lemma card_UN_ge_uniform_Bonferroni:
  assumes K: "finite K" and fin: "\<And>k. k \<in> K \<Longrightarrow> finite (E k)"
    and single: "\<And>k. k \<in> K \<Longrightarrow> p \<le> real (card (E k))"
    and pair: "\<And>k l. k \<in> K \<Longrightarrow> l \<in> K \<Longrightarrow> k \<noteq> l \<Longrightarrow> real (card (E k \<inter> E l)) \<le> q"
    and q: "0 \<le> q"
  shows "real (card K) * p - real (card K) ^ 2 * q \<le> real (card (\<Union>k\<in>K. E k))"
proof -
  have "real (card K) * p \<le> (\<Sum>k\<in>K. real (card (E k)))"
    using sum_bounded_below[of K p] single by simp
  moreover have "(\<Sum>l\<in>K - {k}. real (card (E k \<inter> E l))) \<le> real (card K) * q" if "k \<in> K" for k
  proof -
    have "(\<Sum>l\<in>K - {k}. real (card (E k \<inter> E l))) \<le> real (card (K - {k})) * q"
      using that pair by (intro sum_bounded_above) auto
    also have "\<dots> \<le> real (card K) * q"
      using q card_Diff1_le[of K k] by (intro mult_right_mono) auto
    finally show ?thesis .
  qed
  then have "(\<Sum>k\<in>K. \<Sum>l\<in>K - {k}. real (card (E k \<inter> E l))) \<le> real (card K) ^ 2 * q"
    using sum_bounded_above[of K _ "real (card K) * q"] by (simp add: power2_eq_square mult.assoc)
  ultimately show ?thesis
    using card_UN_ge_Bonferroni[of K E, OF K fin] by linarith
qed

abbreviation cells :: "nat \<Rightarrow> (nat \<times> nat) set" where
  "cells d \<equiv> {..<d} \<times> {..<d}"

lemma zero_one_mats_eq_image: "zero_one_mats d = (\<lambda>f. mat d d f) ` zero_one_funs (cells d)"
proof
  show "(\<lambda>f. mat d d f) ` zero_one_funs (cells d) \<subseteq> zero_one_mats d"
  proof (rule image_subsetI)
    fix f :: "nat \<times> nat \<Rightarrow> real" assume "f \<in> zero_one_funs (cells d)"
    then show "mat d d f \<in> zero_one_mats d"
      unfolding zero_one_mats_def by (simp add: zero_one_funs_values)
  qed
  show "zero_one_mats d \<subseteq> (\<lambda>f. mat d d f) ` zero_one_funs (cells d)"
  proof
    fix A assume A: "A \<in> zero_one_mats d"
    define f where "f = (\<lambda>(i, j). if i < d \<and> j < d then A $$ (i, j) else 0)"
    have "f \<in> zero_one_funs (cells d)"
      using A by (auto simp: zero_one_funs_def zero_one_mats_def f_def)
    moreover have "A = mat d d f"
      using A by (auto simp: zero_one_mats_def f_def)
    ultimately show "A \<in> (\<lambda>f. mat d d f) ` zero_one_funs (cells d)"
      by blast
  qed
qed

lemma inj_on_mat_zero_one_funs: "inj_on (\<lambda>f. mat d d f) (zero_one_funs (cells d))"
proof (rule inj_onI)
  fix f g :: "nat \<times> nat \<Rightarrow> 'a::zero_neq_one"
  assume f: "f \<in> zero_one_funs (cells d)" and g: "g \<in> zero_one_funs (cells d)"
    and eq: "mat d d f = mat d d g"
  show "f = g"
  proof
    fix p :: "nat \<times> nat"
    show "f p = g p"
    proof (cases "p \<in> cells d")
      case True
      then show ?thesis
        using arg_cong[OF eq, of "\<lambda>A. A $$ p"] by (cases p) simp
    next
      case False
      then show ?thesis
        using f g by (simp add: zero_one_funs_outside)
    qed
  qed
qed

lemma card_zero_one_mats: "card (zero_one_mats d) = 2 ^ (d * d)"
  by (simp add: zero_one_mats_eq_image card_image inj_on_mat_zero_one_funs card_zero_one_funs
      card_cartesian_product)

lemma det_eq_0_if_zero_row:
  assumes A: "A \<in> carrier_mat n n" and k: "k < n" and zero: "\<And>j. j < n \<Longrightarrow> A $$ (k, j) = 0"
  shows "det A = 0"
proof -
  have "(\<Prod>i = 0..<n. A $$ (i, p i)) = 0" if p: "p permutes {0..<n}" for p
    using k zero permutes_in_image[OF p, of k] by (intro prod_zero bexI[of _ k]) auto
  then show ?thesis
    unfolding det_def'[OF A] by (intro sum.neutral) auto
qed

text \<open>The index \<open>d\<close> refers to a zero row or column just outside the matrix, so that the pair
  \<open>(a, d)\<close> encodes the vanishing of line \<open>a\<close>.\<close>

definition line_pairs :: "nat \<Rightarrow> (nat \<times> nat) set" where
  "line_pairs d = {(a, b). a < b \<and> b \<le> d}"

definition row_event :: "nat \<Rightarrow> nat \<Rightarrow> nat \<Rightarrow> (nat \<times> nat \<Rightarrow> real) set" where
  "row_event d a b = {f \<in> zero_one_funs (cells d). \<forall>c. f (a, c) = f (b, c)}"

definition col_event :: "nat \<Rightarrow> nat \<Rightarrow> nat \<Rightarrow> (nat \<times> nat \<Rightarrow> real) set" where
  "col_event d a b = {f \<in> zero_one_funs (cells d). \<forall>r. f (r, a) = f (r, b)}"

definition line_event :: "nat \<Rightarrow> (nat \<times> nat) + (nat \<times> nat) \<Rightarrow> (nat \<times> nat \<Rightarrow> real) set" where
  "line_event d = case_sum (case_prod (row_event d)) (case_prod (col_event d))"

lemma finite_line_pairs: "finite (line_pairs d)"
  by (rule finite_subset[of _ "{..d} \<times> {..d}"]) (auto simp: line_pairs_def)

lemma card_line_pairs: "2 * card (line_pairs d) = d * (d + 1)"
proof (induction d)
  case 0
  have "line_pairs 0 = {}"
    by (auto simp: line_pairs_def)
  then show ?case by simp
next
  case (Suc d)
  have "line_pairs (Suc d) = line_pairs d \<union> (\<lambda>a. (a, Suc d)) ` {..d}"
    by (auto simp: line_pairs_def)
  moreover have "line_pairs d \<inter> (\<lambda>a. (a, Suc d)) ` {..d} = {}"
    by (auto simp: line_pairs_def)
  ultimately have "card (line_pairs (Suc d)) = card (line_pairs d) + Suc d"
    using finite_line_pairs by (simp add: card_Un_disjoint card_image inj_on_def)
  then show ?case
    using Suc by simp
qed

lemma zero_one_funs_comp_swap:
  "f \<in> zero_one_funs D \<Longrightarrow> f \<circ> prod.swap \<in> zero_one_funs (prod.swap ` D)"
  by (auto simp: zero_one_funs_def)

lemma inj_comp_swap: "inj (\<lambda>f. f \<circ> prod.swap)"
  by (rule injI) (metis comp_assoc comp_id swap_comp_swap)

__________

* What this task involves: Write out the whole listing above once more, exactly.

* Result for this task:
lemma card_UN_ge_uniform_Bonferroni:
  assumes K: "finite K" and fin: "\<And>k. k \<in> K \<Longrightarrow> finite (E k)"
    and single: "\<And>k. k \<in> K \<Longrightarrow> p \<le> real (card (E k))"
    and pair: "\<And>k l. k \<in> K \<Longrightarrow> l \<in> K \<Longrightarrow> k \<noteq> l \<Longrightarrow> real (card (E k \<inter> E l)) \<le> q"
    and q: "0 \<le> q"
  shows "real (card K) * p - real (card K) ^ 2 * q \<le> real (card (\<Union>k\<in>K. E k))"
proof -
  have "real (card K) * p \<le> (\<Sum>k\<in>K. real (card (E k)))"
    using sum_bounded_below[of K p] single by simp
  moreover have "(\<Sum>l\<in>K - {k}. real (card (E k \<inter> E l))) \<le> real (card K) * q" if "k \<in> K" for k
  proof -
    have "(\<Sum>l\<in>K - {k}. real (card (E k \<inter> E l))) \<le> real (card (K - {k})) * q"
      using that pair by (intro sum_bounded_above) auto
    also have "\<dots> \<le> real (card K) * q"
      using q card_Diff1_le[of K k] by (intro mult_right_mono) auto
    finally show ?thesis .
  qed
  then have "(\<Sum>k\<in>K. \<Sum>l\<in>K - {k}. real (card (E k \<inter> E l))) \<le> real (card K) ^ 2 * q"
    using sum_bounded_above[of K _ "real (card K) * q"] by (simp add: power2_eq_square mult.assoc)
  ultimately show ?thesis
    using card_UN_ge_Bonferroni[of K E, OF K fin] by linarith
qed

abbreviation cells :: "nat \<Rightarrow> (nat \<times> nat) set" where
  "cells d \<equiv> {..<d} \<times> {..<d}"

lemma zero_one_mats_eq_image: "zero_one_mats d = (\<lambda>f. mat d d f) ` zero_one_funs (cells d)"
proof
  show "(\<lambda>f. mat d d f) ` zero_one_funs (cells d) \<subseteq> zero_one_mats d"
  proof (rule image_subsetI)
    fix f :: "nat \<times> nat \<Rightarrow> real" assume "f \<in> zero_one_funs (cells d)"
    then show "mat d d f \<in> zero_one_mats d"
      unfolding zero_one_mats_def by (simp add: zero_one_funs_values)
  qed
  show "zero_one_mats d \<subseteq> (\<lambda>f. mat d d f) ` zero_one_funs (cells d)"
  proof
    fix A assume A: "A \<in> zero_one_mats d"
    define f where "f = (\<lambda>(i, j). if i < d \<and> j < d then A $$ (i, j) else 0)"
    have "f \<in> zero_one_funs (cells d)"
      using A by (auto simp: zero_one_funs_def zero_one_mats_def f_def)
    moreover have "A = mat d d f"
      using A by (auto simp: zero_one_mats_def f_def)
    ultimately show "A \<in> (\<lambda>f. mat d d f) ` zero_one_funs (cells d)"
      by blast
  qed
qed

lemma inj_on_mat_zero_one_funs: "inj_on (\<lambda>f. mat d d f) (zero_one_funs (cells d))"
proof (rule inj_onI)
  fix f g :: "nat \<times> nat \<Rightarrow> 'a::zero_neq_one"
  assume f: "f \<in> zero_one_funs (cells d)" and g: "g \<in> zero_one_funs (cells d)"
    and eq: "mat d d f = mat d d g"
  show "f = g"
  proof
    fix p :: "nat \<times> nat"
    show "f p = g p"
    proof (cases "p \<in> cells d")
      case True
      then show ?thesis
        using arg_cong[OF eq, of "\<lambda>A. A $$ p"] by (cases p) simp
    next
      case False
      then show ?thesis
        using f g by (simp add: zero_one_funs_outside)
    qed
  qed
qed

lemma card_zero_one_mats: "card (zero_one_mats d) = 2 ^ (d * d)"
  by (simp add: zero_one_mats_eq_image card_image inj_on_mat_zero_one_funs card_zero_one_funs
      card_cartesian_product)

lemma det_eq_0_if_zero_row:
  assumes A: "A \<in> carrier_mat n n" and k: "k < n" and zero: "\<And>j. j < n \<Longrightarrow> A $$ (k, j) = 0"
  shows "det A = 0"
proof -
  have "(\<Prod>i = 0..<n. A $$ (i, p i)) = 0" if p: "p permutes {0..<n}" for p
    using k zero permutes_in_image[OF p, of k] by (intro prod_zero bexI[of _ k]) auto
  then show ?thesis
    unfolding det_def'[OF A] by (intro sum.neutral) auto
qed

text \<open>The index \<open>d\<close> refers to a zero row or column just outside the matrix, so that the pair
  \<open>(a, d)\<close> encodes the vanishing of line \<open>a\<close>.\<close>

definition line_pairs :: "nat \<Rightarrow> (nat \<times> nat) set" where
  "line_pairs d = {(a, b). a < b \<and> b \<le> d}"

definition row_event :: "nat \<Rightarrow> nat \<Rightarrow> nat \<Rightarrow> (nat \<times> nat \<Rightarrow> real) set" where
  "row_event d a b = {f \<in> zero_one_funs (cells d). \<forall>c. f (a, c) = f (b, c)}"

definition col_event :: "nat \<Rightarrow> nat \<Rightarrow> nat \<Rightarrow> (nat \<times> nat \<Rightarrow> real) set" where
  "col_event d a b = {f \<in> zero_one_funs (cells d). \<forall>r. f (r, a) = f (r, b)}"

definition line_event :: "nat \<Rightarrow> (nat \<times> nat) + (nat \<times> nat) \<Rightarrow> (nat \<times> nat \<Rightarrow> real) set" where
  "line_event d = case_sum (case_prod (row_event d)) (case_prod (col_event d))"

lemma finite_line_pairs: "finite (line_pairs d)"
  by (rule finite_subset[of _ "{..d} \<times> {..d}"]) (auto simp: line_pairs_def)

lemma card_line_pairs: "2 * card (line_pairs d) = d * (d + 1)"
proof (induction d)
  case 0
  have "line_pairs 0 = {}"
    by (auto simp: line_pairs_def)
  then show ?case by simp
next
  case (Suc d)
  have "line_pairs (Suc d) = line_pairs d \<union> (\<lambda>a. (a, Suc d)) ` {..d}"
    by (auto simp: line_pairs_def)
  moreover have "line_pairs d \<inter> (\<lambda>a. (a, Suc d)) ` {..d} = {}"
    by (auto simp: line_pairs_def)
  ultimately have "card (line_pairs (Suc d)) = card (line_pairs d) + Suc d"
    using finite_line_pairs by (simp add: card_Un_disjoint card_image inj_on_def)
  then show ?case
    using Suc by simp
qed

lemma zero_one_funs_comp_swap:
  "f \<in> zero_one_funs D \<Longrightarrow> f \<circ> prod.swap \<in> zero_one_funs (prod.swap ` D)"
  by (auto simp: zero_one_funs_def)

lemma inj_comp_swap: "inj (\<lambda>f. f \<circ> prod.swap)"
  by (rule injI) (metis comp_assoc comp_id swap_comp_swap)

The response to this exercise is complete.